Records contained in a dataset
*** Begin section ***

lemma margin_moments_of_class_conditional_model:
  fixes M :: "'a measure" and X :: "'a \<Rightarrow> real ^ 'd" and Y :: "'a \<Rightarrow> real"
    and \<mu> w :: "real ^ 'd" and \<sigma> :: "'d \<Rightarrow> real"
  assumes "prob_space M" "X \<in> borel_measurable M" "Y \<in> borel_measurable M"
    and "\<forall>\<omega>\<in>space M. Y \<omega> \<in> {-1, 1}"
    and cond: "\<forall>c\<in>{-1, 1::real}. measure M {\<omega>\<in>space M. Y \<omega> = c} > 0 \<longrightarrow>
       (let N = uniform_measure M {\<omega>\<in>space M. Y \<omega> = c} in
          prob_space.indep_vars N (\<lambda>_. borel) (\<lambda>i \<omega>. X \<omega> $ i) UNIV
        \<and> (\<forall>i. integrable N (\<lambda>\<omega>. (X \<omega> $ i)^2)
               \<and> (\<integral>\<omega>. X \<omega> $ i \<partial>N) = c * \<mu> $ i
               \<and> (\<integral>\<omega>. (X \<omega> $ i - (\<integral>\<omega>'. X \<omega>' $ i \<partial>N))^2 \<partial>N) = (\<sigma> i)^2))"
  shows "integrable M (\<lambda>\<omega>. Y \<omega> * (w \<bullet> X \<omega>)) \<and> (\<integral>\<omega>. Y \<omega> * (w \<bullet> X \<omega>) \<partial>M) = w \<bullet> \<mu>"
    and "integrable M (\<lambda>\<omega>. (Y \<omega> * (w \<bullet> X \<omega>) - w \<bullet> \<mu>)^2)
      \<and> (\<integral>\<omega>. (Y \<omega> * (w \<bullet> X \<omega>) - w \<bullet> \<mu>)^2 \<partial>M) = (\<Sum>i\<in>UNIV. (w $ i)^2 * (\<sigma> i)^2)"
proof -
  note [measurable] = assms(2,3)
  have class_moments: "integrable N (\<lambda>\<omega>. Y \<omega> * (w \<bullet> X \<omega>)) \<and> (\<integral>\<omega>. Y \<omega> * (w \<bullet> X \<omega>) \<partial>N) = w \<bullet> \<mu>
      \<and> integrable N (\<lambda>\<omega>. (Y \<omega> * (w \<bullet> X \<omega>) - w \<bullet> \<mu>)^2)
      \<and> (\<integral>\<omega>. (Y \<omega> * (w \<bullet> X \<omega>) - w \<bullet> \<mu>)^2 \<partial>N) = (\<Sum>i\<in>UNIV. (w $ i)^2 * (\<sigma> i)^2)"
    if c: "c \<in> {-1, 1}" and pos: "measure M {\<omega>\<in>space M. Y \<omega> = c} > 0"
      and N_def: "N = uniform_measure M {\<omega>\<in>space M. Y \<omega> = c}" for c N
  proof -
    interpret M: prob_space M by fact
    have class_set: "{\<omega>\<in>space M. Y \<omega> = c} \<in> sets M"
      by measurable
    interpret N: prob_space N
      unfolding N_def using pos by (intro prob_space_uniform_measure) (auto simp: M.emeasure_eq_measure)
    have class_hyps: "N.indep_vars (\<lambda>_. borel) (\<lambda>i \<omega>. X \<omega> $ i) UNIV
        \<and> (\<forall>i. integrable N (\<lambda>\<omega>. (X \<omega> $ i)^2)
               \<and> (\<integral>\<omega>. X \<omega> $ i \<partial>N) = c * \<mu> $ i
               \<and> (\<integral>\<omega>. (X \<omega> $ i - (\<integral>\<omega>'. X \<omega>' $ i \<partial>N))^2 \<partial>N) = (\<sigma> i)^2)"
      using cond c pos unfolding N_def Let_def by blast
    then have indep: "N.indep_vars (\<lambda>_. borel) (\<lambda>i \<omega>. X \<omega> $ i) UNIV"
      and square_integrable: "integrable N (\<lambda>\<omega>. (X \<omega> $ i)^2)"
      and mean: "(\<integral>\<omega>. X \<omega> $ i \<partial>N) = c * \<mu> $ i" for i
      by blast+
    have var: "(\<integral>\<omega>. (X \<omega> $ i - c * \<mu> $ i)^2 \<partial>N) = (\<sigma> i)^2" for i
      using class_hyps unfolding mean by blast
    have "AE \<omega> in N. Y \<omega> = c"
      unfolding N_def by (rule AE_uniform_measureI[OF class_set]) auto
    moreover have "X \<in> borel_measurable N" "Y \<in> borel_measurable N"
      unfolding N_def by measurable
    ultimately show ?thesis
      using c indep square_integrable mean var by (intro N.margin_moments_given_label)
  qed
  have "(\<lambda>\<omega>. Y \<omega> * (w \<bullet> X \<omega>)) \<in> borel_measurable M"
    "(\<lambda>\<omega>. (Y \<omega> * (w \<bullet> X \<omega>) - w \<bullet> \<mu>)^2) \<in> borel_measurable M"
    by measurable
  note by_label = integral_eq_if_conditional_integrals_eq[OF assms(1) _ assms(3,4)]
  show "integrable M (\<lambda>\<omega>. Y \<omega> * (w \<bullet> X \<omega>)) \<and> (\<integral>\<omega>. Y \<omega> * (w \<bullet> X \<omega>) \<partial>M) = w \<bullet> \<mu>"
    using class_moments[OF _ _ refl] by (intro by_label \<open>(\<lambda>\<omega>. Y \<omega> * (w \<bullet> X \<omega>)) \<in> borel_measurable M\<close>) auto
  show "integrable M (\<lambda>\<omega>. (Y \<omega> * (w \<bullet> X \<omega>) - w \<bullet> \<mu>)^2)
      \<and> (\<integral>\<omega>. (Y \<omega> * (w \<bullet> X \<omega>) - w \<bullet> \<mu>)^2 \<partial>M) = (\<Sum>i\<in>UNIV. (w $ i)^2 * (\<sigma> i)^2)"
    using class_moments[OF _ _ refl]
    by (intro by_label \<open>(\<lambda>\<omega>. (Y \<omega> * (w \<bullet> X \<omega>) - w \<bullet> \<mu>)^2) \<in> borel_measurable M\<close>) auto
qed

theorem mainTheorem5:
  fixes M :: "'a measure" and X :: "'a \<Rightarrow> real ^ 'd" and Y :: "'a \<Rightarrow> real"
    and \<mu> :: "real ^ 'd" and \<sigma> :: "'d \<Rightarrow> real" and lam :: real and wstar :: "real ^ 'd"
  assumes "prob_space M"
    and "X \<in> borel_measurable M" and "Y \<in> borel_measurable M"
    and "\<forall>\<omega>\<in>space M. Y \<omega> \<in> {-1, 1}"
    and "\<forall>i. \<mu> $ i \<ge> 0" and "\<forall>i. \<sigma> i \<ge> 0"
    and cond: "\<forall>c\<in>{-1, 1::real}. measure M {\<omega>\<in>space M. Y \<omega> = c} > 0 \<longrightarrow>
       (let N = uniform_measure M {\<omega>\<in>space M. Y \<omega> = c} in
          prob_space.indep_vars N (\<lambda>_. borel) (\<lambda>i \<omega>. X \<omega> $ i) UNIV
        \<and> (\<forall>i. integrable N (\<lambda>\<omega>. (X \<omega> $ i)^2)
               \<and> (\<integral>\<omega>. X \<omega> $ i \<partial>N) = c * \<mu> $ i
               \<and> (\<integral>\<omega>. (X \<omega> $ i - (\<integral>\<omega>'. X \<omega>' $ i \<partial>N))^2 \<partial>N) = (\<sigma> i)^2))"
    and "\<mu> \<noteq> 0"
    and "lam > 0"
    and "\<forall>w. hinge_risk M X Y lam wstar \<le> hinge_risk M X Y lam w"
  shows "norm wstar \<ge> 1 / norm \<mu> *
           (1 - 1/2 * (sigma_bar \<mu> \<sigma> / norm \<mu> + lam / (2 * (norm \<mu>)^2)))"
proof -
  interpret prob_space M by fact
  define H where "H w = (\<integral>\<omega>. max 0 (1 - Y \<omega> * (w \<bullet> X \<omega>)) \<partial>M)" for w
  define v where "v = (1 / (norm \<mu>)^2) *\<^sub>R \<mu>"
  define s where "s = sigma_bar \<mu> \<sigma> / norm \<mu> / 2"
  note margin = margin_moments_of_class_conditional_model[OF assms(1-4) cond]
  have "v \<bullet> \<mu> = 1"
    using assms(8) by (simp add: v_def power2_norm_eq_inner)
  then have "H v \<le> (1 - 1 + sqrt (\<Sum>i\<in>UNIV. (v $ i)^2 * (\<sigma> i)^2)) / 2"
    using expected_hinge_le[of "\<lambda>\<omega>. Y \<omega> * (v \<bullet> X \<omega>)"] margin[of v] by (simp add: H_def)
  then have "H v \<le> s"
    using sigma_bar_div_norm[OF assms(8), of \<sigma>] by (simp add: s_def v_def)
  moreover have "s \<ge> 0"
    by (auto simp: s_def sigma_bar_def intro!: divide_nonneg_nonneg sum_nonneg)
  moreover have "1 - w \<bullet> \<mu> \<le> H w" for w
    using expected_hinge_ge[of "\<lambda>\<omega>. Y \<omega> * (w \<bullet> X \<omega>)"] margin[of w] by (simp add: H_def)
  moreover have "convex_on UNIV H"
    unfolding H_def using margin by (intro convex_on_expected_hinge) (auto intro: finite_measure_axioms)
  ultimately have "(1 - s - lam / (4 * (norm \<mu>)^2)) / norm \<mu> \<le> norm wstar"
    using assms(8-10) by (intro hinge_minimizer_norm_lower_bound[where H = H])
      (auto simp: v_def H_def hinge_risk_def)
  moreover have "(1 - s - lam / (4 * (norm \<mu>)^2)) / norm \<mu>
      = 1 / norm \<mu> * (1 - 1/2 * (sigma_bar \<mu> \<sigma> / norm \<mu> + lam / (2 * (norm \<mu>)^2)))"
    using assms(8) by (simp add: s_def field_simps)
  ultimately show ?thesis
    by simp
qed

end
lemma card_init_ideals:
  assumes mo: "monomial_order ord" and n: "1 \<le> n"
  shows "card {init_ideal ord (2*n) w (toric_ideal n) | w. w \<in> Rvec (2*n)} = fact n"
proof -
  have "{init_ideal ord (2*n) w (toric_ideal n) | w. w \<in> Rvec (2*n)} = nonstandard_ideal n ` {\<pi>. \<pi> permutes {1..n}}"
    unfolding init_ideals_eq_perm_weight[OF mo n]
    using init_ideal_toric_ideal[OF mo n _ perm_weight_induces[OF mo]] by auto
  moreover have "inj_on (nonstandard_ideal n) {\<pi>. \<pi> permutes {1..n}}"
    using nonstandard_ideal_inj by (intro inj_onI) blast
  ultimately show ?thesis by (simp add: card_image card_permutations)
qed

section \<open>The rearrangement inequality for permutations\<close>

lemma sum_permutes_mult_eq_inversions:
  fixes \<sigma> :: "nat \<Rightarrow> nat" and d :: "nat \<Rightarrow> real"
  assumes s: "\<sigma> permutes {1..n}"
  shows "(\<Sum>i\<in>{1..n}. real (\<sigma> i) * d i)
       = (\<Sum>i\<in>{1..n}. d i) + (\<Sum>i\<in>{1..n}. \<Sum>j\<in>{1..n}. if \<sigma> j < \<sigma> i then d i else 0)"
proof -
  have "real (\<sigma> i) * d i = d i + (\<Sum>j\<in>{1..n}. if \<sigma> j < \<sigma> i then d i else 0)"
    if i: "i \<in> {1..n}" for i
  proof -
    have "(\<Sum>j\<in>{1..n}. if \<sigma> j < \<sigma> i then d i else 0) = (\<Sum>j\<in>{j\<in>{1..n}. \<sigma> j < \<sigma> i}. d i)"
      by (rule sum.inter_filter[symmetric]) simp
    also have "\<dots> = real (card {j\<in>{1..n}. \<sigma> j < \<sigma> i}) * d i" by simp
    also have "\<dots> = real (\<sigma> i - 1) * d i" by (simp only: card_less_permutes[OF s i])
    also have "\<dots> = real (\<sigma> i) * d i - d i"
    proof -
      have "\<sigma> i \<in> {1..n}" using permutes_in_image[OF s] i by blast
      then have "1 \<le> \<sigma> i" by simp
      then show ?thesis by (simp add: of_nat_diff algebra_simps)
    qed
    finally show ?thesis by simp
  qed
  then show ?thesis by (simp add: sum.distrib)
qed
definition paths_S :: "'v dtree \<Rightarrow> bool list \<Rightarrow> 'v set \<Rightarrow> bool list set" where
  "paths_S T p S = {q. subtree T (p @ q) = Some Leaf \<and>
      (\<forall>t'. subtree T p = Some t' \<longrightarrow> (\<lambda>y. (y, True)) ` S \<subseteq> lits t' q)}"

definition weight_paths :: "('v \<times> bool) set set \<Rightarrow> 'v dtree \<Rightarrow> bool list \<Rightarrow> bool list set \<Rightarrow> real" where
  "weight_paths F T p Q = (\<Sum>q\<in>Q. path_weight F T p q)"

definition forced :: "('v \<Rightarrow> 'v \<Rightarrow> bool) \<Rightarrow> ('v \<times> bool) set \<Rightarrow> 'v \<Rightarrow> bool" where
  "forced E A y \<longleftrightarrow> (\<exists>z. E y z \<and> (z, False) \<in> A)"

definition Nu :: "('v \<Rightarrow> 'v \<Rightarrow> bool) \<Rightarrow> ('v \<times> bool) set \<Rightarrow> 'v \<Rightarrow> 'v set" where
  "Nu E A y = {z. E y z \<and> z \<notin> fst ` A \<and> \<not> forced E A z}"

definition c_const :: "nat \<Rightarrow> real" where
  "c_const d = 1 - 1 / 2 ^ (2 * d + 1)"

definition alpha :: "('v \<Rightarrow> 'v \<Rightarrow> bool) \<Rightarrow> ('v \<times> bool) set \<Rightarrow> 'v set \<Rightarrow> real" where
  "alpha E A S = (\<Prod>y\<in>S. c_const (card (Nu E A y)))"

end

(* Write F for the solutions of phi(G) and A for A_u. A path P from u to a leaf has weight
   |F|_{A \<union> A(P)}| / |F|_A| (the edge weights telescope), and two distinct such paths take
   complementary literals where they split, so the solutions extending them are disjoint; for
   P in P^u(S) they all extend the positive literals of S, whence
   weight(P^u(S)) \<le> |F|_{A \<union> S}| / |F|_A|.
   For a free y with d free neighbours, setting y to 0 and these neighbours to 1 maps the
   solutions with y = 1 to those with y = 0 and is at most 2^d-to-one, so the solutions with
   y = 1 are at most a fraction 2^d / (2^d + 1) \<le> c_d of all. Since S is independent, fixing
   some of its elements to 1 changes neither forcedness nor free neighbourhoods of the others,
   and the bound iterates to alpha^u(S). *)

theory Submission
  imports Defs
begin

abbreviation pos_lits :: "'v set \<Rightarrow> ('v \<times> bool) set" where
  "pos_lits S \<equiv> (\<lambda>y. (y, True)) ` S"

lemma finite_phi_sat: "finite V \<Longrightarrow> finite (phi_sat V E)"
  by (rule finite_subset[of _ "Pow (V \<times> UNIV)"]) (auto simp: phi_sat_def)

lemma count_restr_split:
  assumes "finite V" "y \<in> V"
  shows "count_restr (phi_sat V E) A
    = count_restr (phi_sat V E) (insert (y, True) A) + count_restr (phi_sat V E) (insert (y, False) A)"
proof -
  let ?F = "phi_sat V E"
  have "{B \<in> ?F. A \<subseteq> B}
      = {B \<in> ?F. insert (y, True) A \<subseteq> B} \<union> {B \<in> ?F. insert (y, False) A \<subseteq> B}"
    and "{B \<in> ?F. insert (y, True) A \<subseteq> B} \<inter> {B \<in> ?F. insert (y, False) A \<subseteq> B} = {}"
    using assms(2) by (auto simp: phi_sat_def)
  then show ?thesis
    unfolding count_restr_def using finite_phi_sat[OF assms(1)] by (simp add: card_Un_disjoint)
qed

definition flip_assignment ::
    "('v \<Rightarrow> 'v \<Rightarrow> bool) \<Rightarrow> ('v \<times> bool) set \<Rightarrow> 'v \<Rightarrow> ('v \<times> bool) set \<Rightarrow> ('v \<times> bool) set" where
  "flip_assignment E A y B =
     (B - {(y, True)} - (\<lambda>z. (z, False)) ` Nu E A y) \<union> {(y, False)} \<union> pos_lits (Nu E A y)"

text \<open>Either A sets v to 1 (it cannot set it to 0, as y is not forced), or A forces v.\<close>
lemma phi_sat_nbr_notin_Nu_true:
  assumes sg: "simple_graph V E" and nf: "\<not> forced E A y"
    and B: "B \<in> phi_sat V E" "A \<subseteq> B" and v: "E y v" "v \<notin> Nu E A y"
  shows "(v, True) \<in> B"
proof -
  have "v \<in> fst ` A \<or> forced E A v" using v by (auto simp: Nu_def)
  then show ?thesis
  proof
    assume "v \<in> fst ` A"
    then obtain b where "(v, b) \<in> A" by force
    moreover have "(v, False) \<notin> A" using nf v(1) by (auto simp: forced_def)
    ultimately have "(v, True) \<in> A" by (cases b) auto
    then show ?thesis using B(2) by auto
  next
    assume "forced E A v"
    then obtain w where w: "E v w" "(w, False) \<in> A" by (auto simp: forced_def)
    then have "w \<in> V" using sg by (auto simp: simple_graph_def)
    then have "(w, True) \<notin> B" using w(2) B by (auto simp: phi_sat_def)
    then show ?thesis using B(1) w(1) by (auto simp: phi_sat_def)
  qed
qed

lemma flip_assignment_phi_sat:
  assumes sg: "simple_graph V E" and yV: "y \<in> V" and yA: "y \<notin> fst ` A" and nf: "\<not> forced E A y"
    and B: "B \<in> phi_sat V E" "insert (y, True) A \<subseteq> B"
  shows "flip_assignment E A y B \<in> phi_sat V E" "insert (y, False) A \<subseteq> flip_assignment E A y B"
proof -
  let ?N = "Nu E A y" and ?B' = "flip_assignment E A y B"
  have EV: "\<And>u v. E u v \<Longrightarrow> u \<in> V \<and> v \<in> V" and Esym: "\<And>u v. E u v \<Longrightarrow> E v u"
    and Eirr: "\<And>u. \<not> E u u" using sg by (auto simp: simple_graph_def)
  have nbr_true: "(v, True) \<in> B" if "E y v" "v \<notin> ?N" for v
    using phi_sat_nbr_notin_Nu_true[OF sg nf B(1)] B(2) that by blast
  have Bsub: "B \<subseteq> V \<times> UNIV" and Bcons: "\<forall>v\<in>V. ((v, True) \<in> B) \<noteq> ((v, False) \<in> B)"
    and Bcl: "\<forall>u v. E u v \<longrightarrow> (u, True) \<in> B \<or> (v, True) \<in> B"
    using B(1) by (auto simp: phi_sat_def)
  have yN: "y \<notin> ?N" using Eirr by (auto simp: Nu_def)
  have NV: "?N \<subseteq> V" using EV by (auto simp: Nu_def)
  have "\<forall>v\<in>V. ((v, True) \<in> ?B') \<noteq> ((v, False) \<in> ?B')"
    using Bcons yN by (auto simp: flip_assignment_def)
  moreover have "(u, True) \<in> ?B' \<or> (v, True) \<in> ?B'" if uv: "E u v" for u v
  proof -
    have kept: "(w, True) \<in> ?B'" if "(w, True) \<in> B \<or> w \<in> ?N" "w \<noteq> y" for w
      using that by (auto simp: flip_assignment_def)
    consider "u = y" | "v = y" | "u \<noteq> y" "v \<noteq> y" by blast
    then show ?thesis
    proof cases
      case 1
      then show ?thesis using kept[of v] nbr_true[of v] uv Eirr by blast
    next
      case 2
      then show ?thesis using kept[of u] nbr_true[of u] Esym[OF uv] Eirr by blast
    next
      case 3
      then show ?thesis using kept Bcl uv by blast
    qed
  qed
  moreover have "?B' \<subseteq> V \<times> UNIV" using Bsub NV yV by (auto simp: flip_assignment_def)
  ultimately show "?B' \<in> phi_sat V E" by (auto simp: phi_sat_def)
  have "A \<inter> (\<lambda>z. (z, False)) ` ?N = {}" "(y, True) \<notin> A"
    using yA by (force simp: Nu_def)+
  then show "insert (y, False) A \<subseteq> ?B'" using B(2) by (auto simp: flip_assignment_def)
qed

*** End section ***

■ TASK OBJECTIVE: Which lines above include the word "wstar"? Return each one.

■ ANSWER BOX:
    and \<mu> :: "real ^ 'd" and \<sigma> :: "'d \<Rightarrow> real" and lam :: real and wstar :: "real ^ 'd"
    and "\<forall>w. hinge_risk M X Y lam wstar \<le> hinge_risk M X Y lam w"
  shows "norm wstar \<ge> 1 / norm \<mu> *
  ultimately have "(1 - s - lam / (4 * (norm \<mu>)^2)) / norm \<mu> \<le> norm wstar"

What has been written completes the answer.